Hi, I had 2 cats from the same litter since they were 9 weeks old, until very suddenly and unexpectedly one of them got ill last week, very ill, the vets could not determine what had happened to him but he was in such a poor way he was unlikely to recover, or if he did he would have had no real life. So very reluctantly I had to agree to a euthanasia - and he was only 5 years old. 

My question is, the remaining cat, his half brother, clearly know something has happened, and his behaviour has started to become much more demanding of me, constantly miaowing at me for attention, and he is generally less settled than before. He is still just as affectionate, and loves his strokes and cuddles even more now. Obviously there is no way to explain the situation to him, but now his bother's gone he's clearly missing him. I'm hoping that time will eventually heal him (and me) and he'll readjust to being a solitary cat, at least until such time as I can get another. Also if he is missing him it's a fact that when they were together they were not overly attached to each other, mostly they did their own thing, with just the odd play fight now and again, but I guess that's just how cats are.

Meanwhile is there any advice, things I could do to help him, he's very intelligent and does inter-react with me, almost to the point where I think - if only you could speak we could make this situation a whole lot better. So all suggestions welcome, thanks.


----------



## eldercat (Jul 3, 2015)

He is mourning, missing his brother. I've seen it before, and it hurts a lot to watch someone suffer that way.

Give him the attention he wants, petting and wooling and loving. It may be a comfort to you both.

Much sympathy on your loss.


----------



## marie73 (Jul 12, 2006)

When I lost Cali (Charlee's sister), Charlee became very clingy.

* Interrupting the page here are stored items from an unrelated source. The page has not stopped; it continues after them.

(* Let $G$ be a $K_3$-free graph and let $P,Q$ be two distinct bicliques of $G$ with $P\cap Q\neq\emptyset$. Then either $P$ and $Q$ are mutually included, or there is a biclique $R$ of $G$ that is mutually included with $P$ and mutually included with $Q$.
   Context: All graphs are finite and simple. A biclique of a graph $G$ is a set $P\subseteq V(G)$ such that the induced subgraph $G[P]$ is a complete bipartite graph with both parts nonempty, and $P$ is inclusion-maximal with this property. Since $G[P]$ is connected, its bipartition into two nonempty independent sets $X,Y$ (every vertex of $X$ adjacent to every vertex of $Y$) is unique; we write $P=XY$ to mean $P=X\cup Y$ with $X,Y$ these two parts, called the sides of $P$. Two bicliques $P,Q$ of $G$ are mutually included if their sides can be named $P=X_PY_P$, $Q=X_QY_Q$ so that $X_Q\subsetneq X_P$ and $Y_P\subsetneq Y_Q$. *)

theory Defs
  imports Main
begin

definition simple_graph :: "'a set \<Rightarrow> ('a \<Rightarrow> 'a \<Rightarrow> bool) \<Rightarrow> bool" where
  "simple_graph V E \<longleftrightarrow> finite V \<and> (\<forall>x y. E x y \<longrightarrow> x \<in> V \<and> y \<in> V)
     \<and> (\<forall>x y. E x y \<longrightarrow> E y x) \<and> (\<forall>x. \<not> E x x)"

definition triangle_free :: "'a set \<Rightarrow> ('a \<Rightarrow> 'a \<Rightarrow> bool) \<Rightarrow> bool" where
  "triangle_free V E \<longleftrightarrow> \<not> (\<exists>x\<in>V. \<exists>y\<in>V. \<exists>z\<in>V. E x y \<and> E y z \<and> E x z)"

definition biclique_sides :: "'a set \<Rightarrow> ('a \<Rightarrow> 'a \<Rightarrow> bool) \<Rightarrow> 'a set \<Rightarrow> 'a set \<Rightarrow> bool" where
  "biclique_sides V E X Y \<longleftrightarrow> X \<subseteq> V \<and> Y \<subseteq> V \<and> X \<noteq> {} \<and> Y \<noteq> {} \<and> X \<inter> Y = {}
     \<and> (\<forall>x\<in>X. \<forall>x'\<in>X. \<not> E x x') \<and> (\<forall>y\<in>Y. \<forall>y'\<in>Y. \<not> E y y')
     \<and> (\<forall>x\<in>X. \<forall>y\<in>Y. E x y)"

definition complete_bipartite_set :: "'a set \<Rightarrow> ('a \<Rightarrow> 'a \<Rightarrow> bool) \<Rightarrow> 'a set \<Rightarrow> bool" where
  "complete_bipartite_set V E P \<longleftrightarrow> (\<exists>X Y. P = X \<union> Y \<and> biclique_sides V E X Y)"

definition biclique :: "'a set \<Rightarrow> ('a \<Rightarrow> 'a \<Rightarrow> bool) \<Rightarrow> 'a set \<Rightarrow> bool" where
  "biclique V E P \<longleftrightarrow> complete_bipartite_set V E P
     \<and> (\<forall>P'. P \<subset> P' \<longrightarrow> \<not> complete_bipartite_set V E P')"

definition mutually_included :: "'a set \<Rightarrow> ('a \<Rightarrow> 'a \<Rightarrow> bool) \<Rightarrow> 'a set \<Rightarrow> 'a set \<Rightarrow> bool" where
  "mutually_included V E P Q \<longleftrightarrow> biclique V E P \<and> biclique V E Q \<and>
     (\<exists>XP YP XQ YQ. P = XP \<union> YP \<and> biclique_sides V E XP YP \<and>
        Q = XQ \<union> YQ \<and> biclique_sides V E XQ YQ \<and> XQ \<subset> XP \<and> YP \<subset> YQ)"

end

theory Submission
  imports Defs
begin

text \<open>In a triangle-free graph a biclique is exactly a pair of sides each of which is the common
neighbourhood of the other. If \<open>P = X\<^sub>PY\<^sub>P\<close> and \<open>Q = X\<^sub>QY\<^sub>Q\<close> share a vertex \<open>v\<close>, name the sides so
that \<open>v \<in> X\<^sub>P \<inter> X\<^sub>Q\<close>. The common neighbourhood of \<open>X\<^sub>P \<inter> X\<^sub>Q\<close> is independent, since all its
vertices are adjacent to \<open>v\<close>, so \<open>X\<^sub>P \<inter> X\<^sub>Q\<close> and its common neighbourhood form a biclique \<open>R\<close>.
Unless one of \<open>X\<^sub>P, X\<^sub>Q\<close> contains the other (and then \<open>P\<close>, \<open>Q\<close> are mutually included), \<open>R\<close> is
mutually included with both.\<close>

definition common_nbrs :: "'a set \<Rightarrow> ('a \<Rightarrow> 'a \<Rightarrow> bool) \<Rightarrow> 'a set \<Rightarrow> 'a set" where
  "common_nbrs V E S = {u \<in> V. \<forall>s\<in>S. E u s}"

definition closed_sides :: "'a set \<Rightarrow> ('a \<Rightarrow> 'a \<Rightarrow> bool) \<Rightarrow> 'a set \<Rightarrow> 'a set \<Rightarrow> bool" where
  "closed_sides V E X Y \<longleftrightarrow>
     biclique_sides V E X Y \<and> X = common_nbrs V E Y \<and> Y = common_nbrs V E X"

lemma common_nbrs_antimono: "S \<subseteq> T \<Longrightarrow> common_nbrs V E T \<subseteq> common_nbrs V E S"
  unfolding common_nbrs_def by blast

lemma simple_graph_sym: "simple_graph V E \<Longrightarrow> E a b \<Longrightarrow> E b a"
  unfolding simple_graph_def by blast

lemma subset_common_nbrs_common_nbrs:
  assumes "simple_graph V E" "S \<subseteq> V"
  shows "S \<subseteq> common_nbrs V E (common_nbrs V E S)"
  using assms(2) simple_graph_sym[OF assms(1)] unfolding common_nbrs_def by auto

lemma triangle_freeD:
  assumes "simple_graph V E" "triangle_free V E" "E a b" "E b c" "E a c"
  shows False
proof -
  have "a \<in> V" "b \<in> V" "c \<in> V" using assms(1,3,4) unfolding simple_graph_def by blast+
  then show False using assms(2-5) unfolding triangle_free_def by blast
qed

lemma biclique_sides_sym:
  assumes "simple_graph V E" "biclique_sides V E X Y"
  shows "biclique_sides V E Y X"
  using assms simple_graph_sym[OF assms(1)] unfolding biclique_sides_def by blast

lemma biclique_sides_subset_common_nbrs:
  "biclique_sides V E X Y \<Longrightarrow> X \<subseteq> common_nbrs V E Y"
  unfolding biclique_sides_def common_nbrs_def by blast

lemma closed_sides_sym:
  "simple_graph V E \<Longrightarrow> closed_sides V E X Y \<Longrightarrow> closed_sides V E Y X"
  unfolding closed_sides_def using biclique_sides_sym by blast

lemma biclique_sides_insert_common_nbr:
  assumes g: "simple_graph V E" and t: "triangle_free V E"
    and s: "biclique_sides V E X Y" and u: "u \<in> common_nbrs V E Y"
  shows "biclique_sides V E (insert u X) Y"
proof -
  obtain y where y: "y \<in> Y" using s unfolding biclique_sides_def by blast
  have uy: "E u y" using u y unfolding common_nbrs_def by blast
  have "u \<notin> Y" using s y uy unfolding biclique_sides_def by blast
  moreover have "\<not> E a b" if a: "a \<in> insert u X" and b: "b \<in> insert u X" for a b
  proof
    assume ab: "E a b"
    have "E a y" "E b y" using a b uy y s unfolding biclique_sides_def by blast+
    then show False using triangle_freeD[OF g t ab] by blast
  qed
  ultimately show ?thesis
    using s u unfolding biclique_sides_def common_nbrs_def by (simp add: Int_insert_left)
qed

lemma biclique_side_eq_common_nbrs:
  assumes g: "simple_graph V E" and t: "triangle_free V E"
    and b: "biclique V E (X \<union> Y)" and s: "biclique_sides V E X Y"
  shows "X = common_nbrs V E Y"
proof
  show "X \<subseteq> common_nbrs V E Y" using biclique_sides_subset_common_nbrs[OF s] .
  show "common_nbrs V E Y \<subseteq> X"
  proof
    fix u assume u: "u \<in> common_nbrs V E Y"
    have s': "biclique_sides V E (insert u X) Y"
      using biclique_sides_insert_common_nbr[OF g t s u] .
    then have "complete_bipartite_set V E (insert u X \<union> Y)"
      unfolding complete_bipartite_set_def by blast
    then have "\<not> X \<union> Y \<subset> insert u X \<union> Y" using b unfolding biclique_def by blast
    moreover have "u \<notin> Y" using s' unfolding biclique_sides_def by blast
    ultimately show "u \<in> X" by blast
  qed
qed

lemma biclique_imp_closed_sides:
  assumes g: "simple_graph V E" and t: "triangle_free V E"
    and b: "biclique V E (X \<union> Y)" and s: "biclique_sides V E X Y"
  shows "closed_sides V E X Y"
proof -
  have "biclique V E (Y \<union> X)" using b by (simp add: Un_commute)
  then have "Y = common_nbrs V E X"
    using biclique_side_eq_common_nbrs[OF g t _ biclique_sides_sym[OF g s]] by blast
  then show ?thesis
    using biclique_side_eq_common_nbrs[OF g t b s] s unfolding closed_sides_def by blast
qed

lemma biclique_sides_within:
  assumes s: "biclique_sides V E X Y" and sAB: "biclique_sides V E A B"
    and sub: "X \<union> Y \<subseteq> A \<union> B" and x: "x \<in> X" "x \<in> A"
  shows "X \<subseteq> A \<and> Y \<subseteq> B"
proof -
  have Y: "Y \<subseteq> B"
  proof
    fix y assume "y \<in> Y"
    then have "E x y" "y \<in> A \<union> B" using s x sub unfolding biclique_sides_def by blast+
    then show "y \<in> B" using sAB x unfolding biclique_sides_def by blast
  qed
  have "X \<subseteq> A"
  proof
    fix x' assume "x' \<in> X"
    moreover obtain y where "y \<in> Y" using s unfolding biclique_sides_def by blast
    ultimately have "E x' y" "x' \<in> A \<union> B" "y \<in> B" using s sub Y unfolding biclique_sides_def by blast+
    then show "x' \<in> A" using sAB unfolding biclique_sides_def by blast
  qed
  with Y show ?thesis by blast
qed

lemma closed_sides_maximal:
  assumes g: "simple_graph V E" and c: "closed_sides V E X Y"
    and sAB: "biclique_sides V E A B" and sub: "X \<union> Y \<subseteq> A \<union> B"
  shows "A \<union> B = X \<union> Y"
proof -
  have s: "biclique_sides V E X Y" and cX: "X = common_nbrs V E Y" and cY: "Y = common_nbrs V E X"
    using c unfolding closed_sides_def by blast+
  have within: "A' \<union> B' \<subseteq> X \<union> Y"
    if sAB': "biclique_sides V E A' B'" and sub': "X \<union> Y \<subseteq> A' \<union> B'" and x: "x \<in> X" "x \<in> A'"
    for A' B' x
  proof -
    have "X \<subseteq> A'" "Y \<subseteq> B'" using biclique_sides_within[OF s sAB' sub' x] by blast+
    then have "A' \<subseteq> common_nbrs V E Y" "B' \<subseteq> common_nbrs V E X"
      using biclique_sides_subset_common_nbrs sAB' biclique_sides_sym[OF g sAB']
        common_nbrs_antimono by (metis order_trans)+
    then show ?thesis using cX cY by blast
  qed
  obtain x where x: "x \<in> X" using s unfolding biclique_sides_def by blast
  have "A \<union> B \<subseteq> X \<union> Y"
  proof (cases "x \<in> A")
    case True
    then show ?thesis using within[OF sAB sub x] by blast
  next
    case False
    then have "x \<in> B" using x sub by blast
    moreover have "X \<union> Y \<subseteq> B \<union> A" using sub by blast
    ultimately show ?thesis using within[OF biclique_sides_sym[OF g sAB] _ x] by blast
  qed
  with sub show ?thesis by blast
qed

lemma closed_sides_imp_biclique:
  assumes g: "simple_graph V E" and c: "closed_sides V E X Y"
  shows "biclique V E (X \<union> Y)"
  unfolding biclique_def
proof (intro conjI allI impI notI)
  show "complete_bipartite_set V E (X \<union> Y)"
    using c unfolding complete_bipartite_set_def closed_sides_def by blast
  fix P' assume "X \<union> Y \<subset> P'" "complete_bipartite_set V E P'"
  then show False
    using closed_sides_maximal[OF g c] unfolding complete_bipartite_set_def by blast
qed

lemma biclique_obtain_closed_sides:
  assumes g: "simple_graph V E" and t: "triangle_free V E"
    and b: "biclique V E P" and v: "v \<in> P"
  obtains X Y where "P = X \<union> Y" "closed_sides V E X Y" "v \<in> X"
proof -
  obtain X Y where P: "P = X \<union> Y" and s: "biclique_sides V E X Y"
    using b unfolding biclique_def complete_bipartite_set_def by blast
  have "closed_sides V E X Y" using biclique_imp_closed_sides[OF g t] b P s by blast
  then show ?thesis using that closed_sides_sym[OF g] P v by blast
qed

lemma mutually_included_sym:
  "simple_graph V E \<Longrightarrow> mutually_included V E P Q \<Longrightarrow> mutually_included V E Q P"
  unfolding mutually_included_def by (metis Un_commute biclique_sides_sym)

lemma mutually_included_if_side_psubset:
  assumes g: "simple_graph V E"
    and cP: "closed_sides V E XP YP" and cQ: "closed_sides V E XQ YQ" and X: "XQ \<subset> XP"
  shows "mutually_included V E (XP \<union> YP) (XQ \<union> YQ)"
proof -
  have "YP \<subseteq> YQ" using cP cQ X common_nbrs_antimono[of XQ XP]
    unfolding closed_sides_def by blast
  moreover have "YP \<noteq> YQ" using cP cQ X unfolding closed_sides_def by blast
  ultimately show ?thesis
    using X cP cQ closed_sides_imp_biclique[OF g] unfolding mutually_included_def closed_sides_def
    by blast
qed

lemma closed_sides_inter:
  assumes g: "simple_graph V E" and t: "triangle_free V E"
    and cP: "closed_sides V E XP YP" and cQ: "closed_sides V E XQ YQ" and v: "v \<in> XP \<inter> XQ"
  shows "closed_sides V E (XP \<inter> XQ) (common_nbrs V E (XP \<inter> XQ))"
    (is "closed_sides V E ?X ?Y")
proof -
  have sP: "biclique_sides V E XP YP" and XP: "XP = common_nbrs V E YP" "YP = common_nbrs V E XP"
    using cP unfolding closed_sides_def by blast+
  have XQ: "XQ = common_nbrs V E YQ" "YQ = common_nbrs V E XQ"
    using cQ unfolding closed_sides_def by blast+
  have XV: "?X \<subseteq> V" and X_indep: "\<forall>x\<in>?X. \<forall>x'\<in>?X. \<not> E x x'"
    using sP unfolding biclique_sides_def by blast+
  have YP: "YP \<subseteq> ?Y"
    using common_nbrs_antimono[of ?X XP V E] XP(2) by simp
  have YQ: "YQ \<subseteq> ?Y"
    using common_nbrs_antimono[of ?X XQ V E] XQ(2) by simp
  have "common_nbrs V E ?Y \<subseteq> common_nbrs V E YP \<inter> common_nbrs V E YQ"
    using common_nbrs_antimono[OF YP] common_nbrs_antimono[OF YQ] by (rule Int_greatest)
  then have "common_nbrs V E ?Y \<subseteq> ?X" by (metis XP(1) XQ(1))
  with subset_common_nbrs_common_nbrs[OF g XV] have X: "?X = common_nbrs V E ?Y" by (rule subset_antisym)
  have adj_v: "E a v" if "a \<in> ?Y" for a
    using that v unfolding common_nbrs_def by blast
  have Y_indep: "\<not> E a b" if "a \<in> ?Y" "b \<in> ?Y" for a b
    using triangle_freeD[OF g t _ adj_v adj_v] that by blast
  have "?X \<inter> ?Y = {}"
    using X_indep adj_v v by blast
  moreover have "?Y \<noteq> {}" using YP sP unfolding biclique_sides_def by blast
  moreover have "\<forall>x\<in>?X. \<forall>y\<in>?Y. E x y"
    unfolding common_nbrs_def using simple_graph_sym[OF g] by blast
  moreover have "?Y \<subseteq> V" unfolding common_nbrs_def by blast
  ultimately have "biclique_sides V E ?X ?Y"
    using XV X_indep Y_indep v unfolding biclique_sides_def by blast
  then show ?thesis using X unfolding closed_sides_def by blast
qed

theorem corollary1:
  fixes V :: "'a set" and E :: "'a \<Rightarrow> 'a \<Rightarrow> bool" and P Q :: "'a set"
  assumes "simple_graph V E"
    and "triangle_free V E"
    and "biclique V E P" and "biclique V E Q"
    and "P \<noteq> Q"
    and "P \<inter> Q \<noteq> {}"
  shows "mutually_included V E P Q \<or>
         (\<exists>R. biclique V E R \<and> mutually_included V E P R \<and> mutually_included V E Q R)"
proof -
  note g = assms(1) and t = assms(2)
  obtain v where v: "v \<in> P" "v \<in> Q" using assms(6) by blast
  obtain XP YP where P: "P = XP \<union> YP" and cP: "closed_sides V E XP YP" and "v \<in> XP"
    using biclique_obtain_closed_sides[OF g t assms(3) v(1)] .
  obtain XQ YQ where Q: "Q = XQ \<union> YQ" and cQ: "closed_sides V E XQ YQ" and "v \<in> XQ"
    using biclique_obtain_closed_sides[OF g t assms(4) v(2)] .
  have "XP \<noteq> XQ" using assms(5) P Q cP cQ unfolding closed_sides_def by blast
  define XR where "XR = XP \<inter> XQ"
  define YR where "YR = common_nbrs V E XR"
  have cR: "closed_sides V E XR YR"
    unfolding XR_def YR_def using closed_sides_inter[OF g t cP cQ] \<open>v \<in> XP\<close> \<open>v \<in> XQ\<close> by blast
  consider "XQ \<subset> XP" | "XP \<subset> XQ" | "XR \<subset> XP" "XR \<subset> XQ"
    using \<open>XP \<noteq> XQ\<close> unfolding XR_def by blast
  then show ?thesis
  proof cases
    case 1
    then show ?thesis using mutually_included_if_side_psubset[OF g cP cQ] P Q by blast
  next
    case 2
    then show ?thesis
      using mutually_included_sym[OF g] mutually_included_if_side_psubset[OF g cQ cP] P Q by blast
  next
    case 3
    then show ?thesis
      using mutually_included_if_side_psubset[OF g _ cR] cP cQ P Q closed_sides_imp_biclique[OF g cR]
      by blast
  qed
qed

end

Not annoying, but likes to sit or lay next to me, and wants petting. She meows and I pet her and then she's okay. I give her all the attention she wants. They were together 13 years and inseparable. So I guess my advice would be the same as above, especially because it just happened and he really does need extra love and attention right now. Maybe a new interactive toy he can play with on his own?

I'm very sorry for your loss.


----------